** EXERCISE DESCRIPTION **
Your answer should be the exact lines of the data below from the one containing "then l else" through the one containing "(\<lambda>i. x (j, i)))"; please include nothing else.

(Data excerpts)
Segment Open
(* Fix $k\in\mathbb{N}$ and positive constants $b_0,b_1,b_2,\lambda_0,\lambda_1$. There exists $C>0$ depending only on $b_0,b_1,\lambda_0,\lambda_1$ (and the fixed $k$) such that the following holds. Let $T\geq10$, $\ell<r$, $a^\pm\in\mathbb{R}^k$, $g:[\ell,r]\to\mathbb{R}$ Lipschitz with $g(\ell)=g(r)=0$, and $P\subset(\ell,\ell+T^{1/2})\cap(\ell,r)$ finite. Suppose that $r-\ell\leq b_0T$, $|P|\leq b_0T$, $|g(x)-g(y)|\leq b_1T|x-y|$ for all $x,y$, $a^\pm_j-a^\pm_{j+1}\geq\lambda_0T^{1/2}$ for $j\in\{1,\dots,k-1\}$, $a^-_k-g(\ell)\geq\lambda_1T$, $a^+_k-g(r)\geq\lambda_1T$, $a^-_1-g(\ell)\leq b_2T^2$, $a^+_1-g(r)\leq b_2T^2$. Then $\mathbb{E}_{\mathrm{free}}[W]\geq C^{-1}e^{-CT^{5/2}}$.
   Context: $\mathbb{P}_{\mathrm{free}}$ (expectation $\mathbb{E}_{\mathrm{free}}$) is the law of $k$ independent Brownian bridges (diffusion parameter one) $\mathcal{L}=(\mathcal{L}_1,\dots,\mathcal{L}_k)$ on $[\ell,r]$ with $\mathcal{L}_j(\ell)=a^-_j$, $\mathcal{L}_j(r)=a^+_j$. $W(\mathcal{L})=1$ if $\mathcal{L}_j(p)>g(p)$ for all $p\in P$ and $j\in\{1,\dots,k\}$, and $W(\mathcal{L})=0$ otherwise. *)

theory Defs
  imports "HOL-Probability.Probability"
begin

definition heat :: "real \<Rightarrow> real \<Rightarrow> real" where
  "heat s y = normal_density 0 (sqrt s) y"

text \<open>Times t_0 = l < t_1 < ... < t_m < t_(m+1) = r, where ts = [t_1,...,t_m].\<close>
definition bb_time :: "real \<Rightarrow> real \<Rightarrow> real list \<Rightarrow> nat \<Rightarrow> real" where
  "bb_time l r ts i = (if i = 0 then l else if i \<le> length ts then ts ! (i - 1) else r)"

text \<open>Joint Lebesgue density of (B(t_1),...,B(t_m)) for a Brownian bridge B on [l,r]
  with B(l) = a, B(r) = b (finite-dimensional distributions of the Brownian bridge),
  x i being the value at time t_(i+1).\<close>
definition bb_density :: "real \<Rightarrow> real \<Rightarrow> real \<Rightarrow> real \<Rightarrow> real list \<Rightarrow> (nat \<Rightarrow> real) \<Rightarrow> real" where
  "bb_density l r a b ts x =
     (let m = length ts;
          pos = (\<lambda>i. if i = 0 then a else if i \<le> m then x (i - 1) else b)
      in (\<Prod>i\<le>m. heat (bb_time l r ts (Suc i) - bb_time l r ts i) (pos (Suc i) - pos i))
         / heat (r - l) (b - a))"

text \<open>E_free[W]: expectation of W(L) = 1[L_j(p) > g(p) for all p in P, j in 1..k] under the law of
  k independent Brownian bridges L_j on [l,r] from am j to ap j. Since W depends only on the
  values at the finitely many points of P, it is the integral of the indicator against the
  joint density of (L_j(p))_{j,p}, which is the product over j of the bridge densities.\<close>
definition E_free_W :: "nat \<Rightarrow> real \<Rightarrow> real \<Rightarrow> (nat \<Rightarrow> real) \<Rightarrow> (nat \<Rightarrow> real)
     \<Rightarrow> (real \<Rightarrow> real) \<Rightarrow> real set \<Rightarrow> ennreal" where
  "E_free_W k l r am ap g P =
     (let ts = sorted_list_of_set P; m = length ts
      in \<integral>\<^sup>+ x. indicator {x. \<forall>j\<in>{1..k}. \<forall>i<m. x (j, i) > g (ts ! i)} x
                 * ennreal (\<Prod>j\<in>{1..k}. bb_density l r (am j) (ap j) ts (\<lambda>i. x (j, i)))
           \<partial>(PiM ({1..k} \<times> {..<m}) (\<lambda>_. lborel)))"

end

theory Submission
  imports Defs
begin

text \<open>Since g is b1 T-Lipschitz and vanishes at l and r, it lies below the tent
  \<beta> min (x - l) (r - x) with \<beta> = b1 T, so it suffices to keep the curves above the tent at the
  points of P. These are integrated out one at a time from left to right. Given a value above the
  tent at the previous point p, the bridge to the endpoint has at the next point q a mean at most
  2 \<beta> (q - p) below the tent, so staying above the tent there costs at most a factor
  exp (- 8 \<beta>^2 (q - p) - 3) against the free bridge. As P lies in (l, l + sqrt T) and has at
  most b0 T points, the k curves lose at most exp (- k (8 b1^2 T^2 sqrt T + 3 b0 T)).
  Of the hypotheses on the boundary values only their nonnegativity is needed.\<close>

section \<open>The heat kernel\<close>

lemma heat_nonneg [simp]: "0 \<le> heat s y"
  by (simp add: heat_def)

lemma heat_pos: "s > 0 \<Longrightarrow> heat s y > 0"
  by (simp add: heat_def normal_density_pos)

lemma heat_eq_exp: "s > 0 \<Longrightarrow> heat s y = exp (- y\<^sup>2 / (2 * s)) / sqrt (2 * pi * s)"
  by (simp add: heat_def normal_density_def)

lemma heat_measurable [measurable]: "heat s \<in> borel_measurable borel"
  unfolding heat_def by measurable

lemma heat_mult_heat:
  assumes "s > 0" "t > 0"
  shows "heat s (y - u) * heat t (v - y)
    = heat (s + t) (v - u) * heat (s * t / (s + t)) (y - (t * u + s * v) / (s + t))"
proof -
  define w where "w = s * t / (s + t)"
  define \<mu> where "\<mu> = (t * u + s * v) / (s + t)"
  have w: "w > 0" using assms by (simp add: w_def)
  have "s + t \<noteq> 0" using assms by simp
  then have centre: "y - \<mu> = ((s + t) * y - t * u - s * v) / (s + t)"
    by (simp add: \<mu>_def field_simps)
  have exponent: "- (y - u)\<^sup>2 / (2 * s) + - (v - y)\<^sup>2 / (2 * t)
      = - (v - u)\<^sup>2 / (2 * (s + t)) + - (y - \<mu>)\<^sup>2 / (2 * w)"
    unfolding centre w_def using assms \<open>s + t \<noteq> 0\<close>
    by (simp add: divide_simps power2_eq_square) algebra
  have normaliser: "sqrt (2 * pi * s) * sqrt (2 * pi * t) = sqrt (2 * pi * (s + t)) * sqrt (2 * pi * w)"
    using assms by (simp add: w_def real_sqrt_mult[symmetric] field_simps)
  have "heat s (y - u) * heat t (v - y)
      = exp (- (y - u)\<^sup>2 / (2 * s) + - (v - y)\<^sup>2 / (2 * t)) / (sqrt (2 * pi * s) * sqrt (2 * pi * t))"
    using assms by (simp add: heat_eq_exp mult_exp_exp)
  also have "\<dots> = heat (s + t) (v - u) * heat w (y - \<mu>)"
    unfolding exponent normaliser using assms w by (simp add: heat_eq_exp mult_exp_exp)
  finally show ?thesis by (simp add: w_def \<mu>_def)
qed

lemma two_pi_le_exp_4: "2 * pi \<le> exp (4::real)"
proof -
  have "3 \<le> exp (2::real)" using exp_ge_add_one_self[of 2] by simp
  then have "3 * 3 \<le> exp (2::real) * exp 2" by (intro mult_mono) auto
  then show ?thesis using pi_less_4 by (simp add: exp_add[symmetric])
qed

lemma heat_ge:
  assumes "w > 0" "d \<ge> 0" "0 \<le> z" "z \<le> d + sqrt w"
  shows "exp (- (d\<^sup>2 / w) - 3) / sqrt w \<le> heat w z"
proof -
  have "z\<^sup>2 \<le> (d + sqrt w)\<^sup>2" using assms by (intro power_mono) auto
  also have "\<dots> \<le> 2 * d\<^sup>2 + 2 * w"
    using assms sum_squares_bound[of d "sqrt w"] by (simp add: power2_eq_square algebra_simps)
  finally have "z\<^sup>2 / (2 * w) \<le> d\<^sup>2 / w + 1" using assms by (simp add: field_simps)
  then have exponent: "- (d\<^sup>2 / w) - 1 \<le> - z\<^sup>2 / (2 * w)" by simp
  have "sqrt (2 * pi * w) \<le> sqrt ((exp 2)\<^sup>2 * w)"
    using two_pi_le_exp_4 assms by (simp add: power2_eq_square exp_add[symmetric])
  then have normaliser: "sqrt (2 * pi * w) \<le> exp 2 * sqrt w"
    by (simp add: real_sqrt_mult)
  have "exp (- (d\<^sup>2 / w) - 3) / sqrt w = exp (- (d\<^sup>2 / w) - 1) / (exp 2 * sqrt w)"
    by (simp add: exp_diff field_simps exp_add[symmetric])
  also have "\<dots> \<le> exp (- z\<^sup>2 / (2 * w)) / sqrt (2 * pi * w)"
    using exponent normaliser assms by (intro frac_le) auto
  finally show ?thesis using assms by (simp add: heat_eq_exp)
qed

text \<open>By heat_mult_heat the integrand is heat (s + t) (v - u) times the Gaussian density with
  mean (t u + s v)/(s + t) and variance s t/(s + t); it is bounded below on the window of length
  one standard deviation starting at max G mean.\<close>
lemma nn_integral_heat_bridge_above_ge:
  assumes s: "s > 0" and t: "t > 0" and d: "d \<ge> 0"
    and mean: "G - d \<le> (t * u + s * v) / (s + t)"
  shows "ennreal (heat (s + t) (v - u) * exp (- (d\<^sup>2 * (s + t) / (s * t)) - 3))
    \<le> (\<integral>\<^sup>+y. ennreal (if G < y then heat s (y - u) * heat t (v - y) else 0) \<partial>lborel)"
proof -
  define w where "w = s * t / (s + t)"
  define \<mu> where "\<mu> = (t * u + s * v) / (s + t)"
  define A where "A = max G \<mu>"
  define c where "c = heat (s + t) (v - u) * (exp (- (d\<^sup>2 / w) - 3) / sqrt w)"
  have w: "w > 0" using s t by (simp add: w_def)
  have below: "ennreal c * indicator {A<..A + sqrt w} y
      \<le> ennreal (if G < y then heat s (y - u) * heat t (v - y) else 0)" for y
  proof (cases "y \<in> {A<..A + sqrt w}")
    case True
    then have "G < y" "0 \<le> y - \<mu>" "y - \<mu> \<le> d + sqrt w"
      using mean d by (auto simp: A_def \<mu>_def)
    moreover have "c \<le> heat (s + t) (v - u) * heat w (y - \<mu>)"
      unfolding c_def using heat_ge[OF w d] calculation(2,3) by (intro mult_left_mono) auto
    ultimately show ?thesis
      using True by (simp add: heat_mult_heat[OF s t] w_def \<mu>_def ennreal_leI)
  qed simp
  have "ennreal (heat (s + t) (v - u) * exp (- (d\<^sup>2 / w) - 3)) = ennreal c * emeasure lborel {A<..A + sqrt w}"
    using w by (simp add: c_def ennreal_mult[symmetric])
  also have "\<dots> = (\<integral>\<^sup>+y. ennreal c * indicator {A<..A + sqrt w} y \<partial>lborel)"
    by (rule nn_integral_cmult_indicator[symmetric]) simp
  also have "\<dots> \<le> (\<integral>\<^sup>+y. ennreal (if G < y then heat s (y - u) * heat t (v - y) else 0) \<partial>lborel)"
    by (intro nn_integral_mono below)
  finally show ?thesis using s t by (simp add: w_def field_simps)
qed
Segment Closed
** ANSWER TO THE EXERCISE **
  "bb_time l r ts i = (if i = 0 then l else if i \<le> length ts then ts ! (i - 1) else r)"

text \<open>Joint Lebesgue density of (B(t_1),...,B(t_m)) for a Brownian bridge B on [l,r]
  with B(l) = a, B(r) = b (finite-dimensional distributions of the Brownian bridge),
  x i being the value at time t_(i+1).\<close>
definition bb_density :: "real \<Rightarrow> real \<Rightarrow> real \<Rightarrow> real \<Rightarrow> real list \<Rightarrow> (nat \<Rightarrow> real) \<Rightarrow> real" where
  "bb_density l r a b ts x =
     (let m = length ts;
          pos = (\<lambda>i. if i = 0 then a else if i \<le> m then x (i - 1) else b)
      in (\<Prod>i\<le>m. heat (bb_time l r ts (Suc i) - bb_time l r ts i) (pos (Suc i) - pos i))
         / heat (r - l) (b - a))"

text \<open>E_free[W]: expectation of W(L) = 1[L_j(p) > g(p) for all p in P, j in 1..k] under the law of
  k independent Brownian bridges L_j on [l,r] from am j to ap j. Since W depends only on the
  values at the finitely many points of P, it is the integral of the indicator against the
  joint density of (L_j(p))_{j,p}, which is the product over j of the bridge densities.\<close>
definition E_free_W :: "nat \<Rightarrow> real \<Rightarrow> real \<Rightarrow> (nat \<Rightarrow> real) \<Rightarrow> (nat \<Rightarrow> real)
     \<Rightarrow> (real \<Rightarrow> real) \<Rightarrow> real set \<Rightarrow> ennreal" where
  "E_free_W k l r am ap g P =
     (let ts = sorted_list_of_set P; m = length ts
      in \<integral>\<^sup>+ x. indicator {x. \<forall>j\<in>{1..k}. \<forall>i<m. x (j, i) > g (ts ! i)} x
                 * ennreal (\<Prod>j\<in>{1..k}. bb_density l r (am j) (ap j) ts (\<lambda>i. x (j, i)))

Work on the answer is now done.